Il liquidatore giudiziale non assumendo alcun ruolo di mandato da parte del debitore non è tenuto a rispettare gli orientamenti gestionali dettati dai soci bensì dalla procedura concordataria. Nello stesso tempo, il liquidatore della procedura, senza avere mai rappresentanza legale della società, avrà come unico driver della liquidazione il piano di concordato.

Tesi consolidata della giurisprudenza accerta che, il liquidatore giudiziale, non avendo legittimazione attiva a compiere diversi atti di rilevanza giuridica, non possa, per esempio, redigere e depositare il bilancio di esercizio, occuparsi della determinazione e liquidazione delle imposte, convocare l’assemblea ordinaria e straordinaria, definire tutti gli atti che, al di fuori del piano di concordato, richiedano l’intervento di firma del rappresentante legale. I due liquidatori per far sì che il progetto/piano di concordato abbia successo devono collaborare attivamente per il raggiungimento degli obiettivi specifici. Gli atti e le condizioni straordinarie che dovessero presentarsi in corso d’opera (es. richiesta di nuova finanza a seguito di eventi straordinari non compromettenti per il piano), oltre all’approvazione da parte del comitato dei creditori richiederebbero la firma congiunta dei due liquidatori.

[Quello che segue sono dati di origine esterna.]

lemma mat_exp_mult_mat_exp_uminus:
  assumes fin: "finite V" and u: "u \<in> V"
  shows "(\<Sum>w\<in>V. mat_exp V M u w * mat_exp V (\<lambda>a b. - M a b) w v) = (if u = v then 1 else 0)"
proof -
  define a where "a = (\<lambda>w m. mat_pow V M m u w / of_nat (fact m))"
  define b where "b = (\<lambda>w m. mat_pow V (\<lambda>a b. - M a b) m w v / of_nat (fact m))"
  define c where "c = (\<lambda>w m. \<Sum>i\<le>m. a w i * b w (m - i))"
  have sa: "summable (\<lambda>m. norm (a w m))" for w
    unfolding a_def using mat_exp_summable[OF fin u] by simp
  have sb: "summable (\<lambda>m. norm (b w m))" if "w \<in> V" for w
    unfolding b_def using mat_exp_summable[OF fin that] by simp
  have cauchy: "mat_exp V M u w * mat_exp V (\<lambda>a b. - M a b) w v = (\<Sum>m. c w m)"
    and sc: "summable (c w)" if "w \<in> V" for w
    using Cauchy_product[OF sa sb[OF that]] summable_Cauchy_product[OF sa sb[OF that]]
    by (simp_all add: mat_exp_def a_def b_def c_def)
  txt \<open>The \<open>m\<close>-th Cauchy coefficient is \<open>M\<^sup>m (1 + (-1))\<^sup>m / m!\<close>.\<close>
  have coeff: "(\<Sum>w\<in>V. c w m) = (if m = 0 then mat_pow V M 0 u v else 0)" for m
  proof -
    have "(\<Sum>w\<in>V. c w m) = (\<Sum>i\<le>m. ((-1)^(m-i) / (of_nat (fact i) * of_nat (fact (m-i)))) *
              mat_mult V (mat_pow V M i) (mat_pow V M (m-i)) u v)"
      unfolding c_def a_def b_def mat_pow_uminus mat_mult_def
      by (subst sum.swap) (auto simp: sum_distrib_left intro!: sum.cong)
    also have "\<dots> = (\<Sum>i\<le>m. ((-1)^(m-i) / (of_nat (fact i) * of_nat (fact (m-i)))) * mat_pow V M m u v)"
      using mat_pow_add[OF fin u] by (auto intro!: sum.cong)
    also have "\<dots> = mat_pow V M m u v / of_nat (fact m) * (\<Sum>i\<le>m. of_nat (m choose i) * 1^i * (-1)^(m-i))"
      unfolding sum_distrib_left
      by (intro sum.cong) (simp_all add: binomial_fact field_simps)
    also have "\<dots> = mat_pow V M m u v / of_nat (fact m) * (1 + (-1))^m"
      by (simp only: binomial_ring)
    finally show ?thesis by simp
  qed
  have "(\<Sum>w\<in>V. mat_exp V M u w * mat_exp V (\<lambda>a b. - M a b) w v) = (\<Sum>m. \<Sum>w\<in>V. c w m)"
    using cauchy sc by (simp add: suminf_sum)
  also have "\<dots> = (\<Sum>m. if m = 0 then mat_pow V M 0 u v else 0)"
    by (simp only: coeff)
  also have "\<dots> = (if u = v then 1 else 0)"
    using sums_single[of 0 "\<lambda>_. mat_pow V M 0 u v"] by (simp add: sums_iff)
  finally show ?thesis .
qed

lemma mat_exp_uminus_skew_hermitian:
  assumes fin: "finite V" and u: "u \<in> V" and w: "w \<in> V"
    and skew: "\<And>a b. cnj (M a b) = - M b a"
  shows "mat_exp V (\<lambda>a b. - M a b) w u = cnj (mat_exp V M u w)"
proof -
  have "(\<lambda>a b. - M a b) = (\<lambda>a b. cnj (M b a))"
    by (simp add: skew)
  then have "mat_pow V (\<lambda>a b. - M a b) m w u = cnj (mat_pow V M m u w)" for m
    using mat_pow_transpose[OF fin w u, of "\<lambda>a b. cnj (M a b)" m] by (simp add: mat_pow_cnj)
  moreover have "summable (\<lambda>m. mat_pow V M m u w / of_nat (fact m))"
    using mat_exp_summable[OF fin u] by (rule summable_norm_cancel)
  then have "(\<lambda>m. cnj (mat_pow V M m u w / of_nat (fact m))) sums cnj (mat_exp V M u w)"
    unfolding mat_exp_def sums_cnj by (rule summable_sums)
  ultimately show ?thesis
    unfolding mat_exp_def[of V "\<lambda>a b. - M a b"] by (simp add: sums_iff)
qed

lemma mat_exp_row_norm_skew_hermitian:
  assumes fin: "finite V" and u: "u \<in> V"
    and skew: "\<And>a b. cnj (M a b) = - M b a"
  shows "(\<Sum>w\<in>V. (cmod (mat_exp V M u w))\<^sup>2) = 1"
proof -
  have "complex_of_real (\<Sum>w\<in>V. (cmod (mat_exp V M u w))\<^sup>2)
      = (\<Sum>w\<in>V. mat_exp V M u w * mat_exp V (\<lambda>a b. - M a b) w u)"
    unfolding of_real_sum
    by (intro sum.cong) (simp_all add: mat_exp_uminus_skew_hermitian[OF fin u _ skew]
        complex_norm_square del: of_real_power)
  also have "\<dots> = 1"
    using mat_exp_mult_mat_exp_uminus[OF fin u] by simp
  finally show ?thesis
    by (metis of_real_eq_1_iff)
qed

lemma mat_exp_unit_entry_unique:
  assumes fin: "finite V" and "u \<in> V" "v \<in> V" "w \<in> V"
    and skew: "\<And>a b. cnj (M a b) = - M b a"
    and "cmod (mat_exp V M u v) = 1" "cmod (mat_exp V M u w) = 1"
  shows "v = w"
proof (rule ccontr)
  assume "v \<noteq> w"
  then have "(\<Sum>x\<in>{v, w}. (cmod (mat_exp V M u x))\<^sup>2) = 2"
    using assms(6,7) by simp
  also have "\<dots> > (\<Sum>x\<in>V. (cmod (mat_exp V M u x))\<^sup>2)"
    using mat_exp_row_norm_skew_hermitian[OF fin assms(2) skew] by simp
  moreover have "(\<Sum>x\<in>{v, w}. (cmod (mat_exp V M u x))\<^sup>2) \<le> (\<Sum>x\<in>V. (cmod (mat_exp V M u x))\<^sup>2)"
    using assms(3,4) by (intro sum_mono2[OF fin]) auto
  ultimately show False by simp
qed

lemma mat_pow_automorphism:
  assumes bij: "bij_betw f V V" and inv: "\<And>a b. a \<in> V \<Longrightarrow> b \<in> V \<Longrightarrow> M (f a) (f b) = M a b"
    and "u \<in> V" "v \<in> V"
  shows "mat_pow V M m (f u) (f v) = mat_pow V M m u v"
  using assms(3,4)
proof (induction m arbitrary: u)
  case 0
  then show ?case
    using bij_betw_imp_inj_on[OF bij] by (auto dest: inj_onD)
next
  case (Suc m)
  have "mat_pow V M (Suc m) (f u) (f v) = (\<Sum>w\<in>V. M (f u) (f w) * mat_pow V M m (f w) (f v))"
    by (simp add: mat_mult_def sum.reindex_bij_betw[OF bij, of "\<lambda>w. M (f u) w * mat_pow V M m w (f v)"])
  also have "\<dots> = mat_pow V M (Suc m) u v"
    using Suc inv by (auto simp: mat_mult_def intro!: sum.cong)
  finally show ?case .
qed

lemma transition_automorphism:
  assumes "bij_betw f V V" and "\<And>a b. a \<in> V \<Longrightarrow> b \<in> V \<Longrightarrow> E (f a) (f b) = E a b"
    and "u \<in> V" "v \<in> V"
  shows "transition V E t (f u) (f v) = transition V E t u v"
  unfolding transition_def mat_exp_def
  using mat_pow_automorphism[OF assms(1) _ assms(3,4)] assms(2) by (simp add: adj_matrix_def)

lemma transition_unit_entry_unique:
  assumes "finite V" "u \<in> V" "v \<in> V" "w \<in> V" and "\<And>a b. E a b = E b a"
    and "cmod (transition V E t u v) = 1" "cmod (transition V E t u w) = 1"
  shows "v = w"
  using assms unfolding transition_def
  by (intro mat_exp_unit_entry_unique[OF assms(1-4)]) (auto simp: adj_matrix_def)

lemma finite_ksubsets: "finite (ksubsets n k)"
  unfolding ksubsets_def by (rule finite_subset[of _ "Pow {1..n}"]) auto

lemma permutes_image_in_ksubsets:
  assumes "p permutes {1..n}" "C \<in> ksubsets n k"
  shows "p ` C \<in> ksubsets n k"
proof -
  have "p ` C \<subseteq> {1..n}"
    using assms permutes_image[OF assms(1)] by (auto simp: ksubsets_def)
  moreover have "card (p ` C) = card C"
    using permutes_inj[OF assms(1)] by (simp add: card_image inj_on_subset)
  ultimately show ?thesis
    using assms(2) by (simp add: ksubsets_def)
qed

lemma permutes_image_ksubsets:
  assumes "p permutes {1..n}"
  shows "bij_betw (image p) (ksubsets n k) (ksubsets n k)"
proof (rule bij_betw_byWitness[where f' = "image (inv p)"])
  have inv: "inv p permutes {1..n}"
    using assms by (rule permutes_inv)
  show "\<forall>C\<in>ksubsets n k. inv p ` p ` C = C" "\<forall>C\<in>ksubsets n k. p ` inv p ` C = C"
    using permutes_inj[OF assms] permutes_surj[OF assms] by (simp_all add: image_inv_f_f image_f_inv_f)
  show "image p ` ksubsets n k \<subseteq> ksubsets n k" "image (inv p) ` ksubsets n k \<subseteq> ksubsets n k"
    using permutes_image_in_ksubsets[OF assms] permutes_image_in_ksubsets[OF inv] by auto
qed

lemma johnson_union_adj_image:
  assumes "inj p"
  shows "johnson_union_adj S (p ` A) (p ` B) = johnson_union_adj S A B"
  using assms
  by (simp add: johnson_union_adj_def inj_image_eq_iff card_image inj_on_subset flip: image_Int)

lemma exists_transpose_fixing_moving:
  assumes A: "A \<in> ksubsets n k" and B: "B \<in> ksubsets n k"
    and "A \<noteq> B" and "B \<noteq> {1..n} - A"
  obtains x y where "x \<in> {1..n}" "y \<in> {1..n}" "Transposition.transpose x y ` A = A" "Transposition.transpose x y ` B \<noteq> B"
proof -
  have fin: "finite A" "finite B"
    using A B by (auto simp: ksubsets_def intro: finite_subset)
  have "\<exists>x\<in>{1..n}. \<exists>y\<in>{1..n}. (x \<in> A \<longleftrightarrow> y \<in> A) \<and> x \<in> B \<and> y \<notin> B"
  proof (cases "A \<inter> B = {}")
    case False
    then obtain x where "x \<in> A" "x \<in> B" by blast
    moreover have "\<not> A \<subseteq> B"
      using card_subset_eq[OF fin(2)] A B \<open>A \<noteq> B\<close> by (auto simp: ksubsets_def)
    ultimately show ?thesis
      using A by (auto simp: ksubsets_def)
  next
    case True
    then have "B \<subset> {1..n} - A"
      using B \<open>B \<noteq> {1..n} - A\<close> by (auto simp: ksubsets_def)
    then obtain y where "y \<in> {1..n}" "y \<notin> A" "y \<notin> B" by blast
    moreover have "B \<noteq> {}"
      using A B \<open>A \<noteq> B\<close> fin by (auto simp: ksubsets_def)
    then obtain x where "x \<in> B" by blast
    moreover have "x \<in> {1..n}" "x \<notin> A"
      using \<open>x \<in> B\<close> True B by (auto simp: ksubsets_def)
    ultimately show ?thesis by blast
  qed
  then obtain x y where xy: "x \<in> {1..n}" "y \<in> {1..n}" "x \<in> A \<longleftrightarrow> y \<in> A" "x \<in> B" "y \<notin> B"
    by blast
  have "y \<in> Transposition.transpose x y ` B"
    using xy(4) by (metis image_eqI transpose_apply_first)
  then show thesis
    using that[OF xy(1,2)] xy(3,5) by auto
qed

theorem mainTheorem16:
  fixes n k :: nat and S :: "nat set" and A B :: "nat set"
  assumes "1 \<le> k" and "2 * k \<le> n"
    and "S \<subseteq> {0..<k}" and "S \<noteq> {}"
    and "A \<in> ksubsets n k" and "B \<in> ksubsets n k" and "A \<noteq> B"
    and "perfect_state_transfer (ksubsets n k) (johnson_union_adj S) A B"
  shows "B = {1..n} - A"
proof (rule ccontr)
  assume "B \<noteq> {1..n} - A"
  then obtain x y where xy: "x \<in> {1..n}" "y \<in> {1..n}"
    and fix_A: "Transposition.transpose x y ` A = A" and move_B: "Transposition.transpose x y ` B \<noteq> B"
    using exists_transpose_fixing_moving[OF assms(5-7)] by blast
  define p where "p = image (Transposition.transpose x y)"
  have bij: "bij_betw p (ksubsets n k) (ksubsets n k)"
    unfolding p_def using permutes_swap_id[OF xy] by (rule permutes_image_ksubsets)
  have p_adj: "johnson_union_adj S (p C) (p D) = johnson_union_adj S C D" for C D
    unfolding p_def by (simp add: johnson_union_adj_image)
  have sym: "johnson_union_adj S C D = johnson_union_adj S D C" for C D
    by (auto simp: johnson_union_adj_def Int_commute)
  obtain \<tau> where pst: "cmod (transition (ksubsets n k) (johnson_union_adj S) \<tau> A B) = 1"
    using assms(8) unfolding perfect_state_transfer_def by blast
  moreover have "transition (ksubsets n k) (johnson_union_adj S) \<tau> A (p B)
      = transition (ksubsets n k) (johnson_union_adj S) \<tau> A B"
    using transition_automorphism[OF bij _ assms(5,6), of "johnson_union_adj S"] p_adj fix_A by (simp add: p_def)
  ultimately have "B = p B"
    using bij_betwE[OF bij] assms(5,6) sym
    by (intro transition_unit_entry_unique[OF finite_ksubsets]) auto
  then show False
    using move_B by (simp add: p_def)
qed

end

Per risolve i potenziali conflitti tra il liquidatore sociale e quello giudiziale molti tribunali, aderenti peraltro alla dottrina prevalente, accettano e quindi nominano come liquidatore giudiziale l’eventuale soggetto indicato nella proposta del debitore approvata dalla maggioranza dei creditori. Il soggetto indicato dal debitore, obbligatoriamente in possesso dei requisiti previsti dall’art. 28 L.F., nella maggioranza dei casi è il liquidatore sociale. Solamente in questo caso, un soggetto unico, oltre ad avere rappresentanza legale sarà responsabile della liquidazione in accordo al piano di concordato.

La scelta di unificare i poteri in un unico soggetto si fonderebbe sul presupposto che il Tribunale non possa eludere una precisa scelta del debitore con avvallo della maggioranza dei creditori, sia in applicazione di quanto previsto dall’art. 182 L.F., sia per la maggiore centralità ricoperta dall’accordo rispetto ai poteri omologatori giudiziali.

Di tesi opposta, altri Tribunali, non convenendo su detto orientamento, provvedono alla nomina di un soggetto diverso da quello eventualmente indicato dal debitore per ovvie ragioni di conflitto di interessi ed indipendenza dal debitore. Inoltre, a confutare la tesi opposta, vi è anche un principio di incompatibilità professionale in base al quale il liquidatore che non ha raggiunto gli obiettivi del proprio mandato non può essere riconfermato (in sede giudiziale) per adempiere al medesimo incarico.

A detta di chi scrive, il concordato preventivo, proprio per la maggiore centralità ricoperta dall’accordo rispetto ai poteri omologatori giudiziali, dovrebbe consentire, quando possibile, l’espressione dell’intesa tra il debitore e la maggioranza dei creditori nella scelta di un soggetto professionista. Il Tribunale, da parte sua, verifica sempre e comunque il rispetto del piano omologato attraverso le figure indipendenti del Commissario Giudiziale e del Giudice Delegato.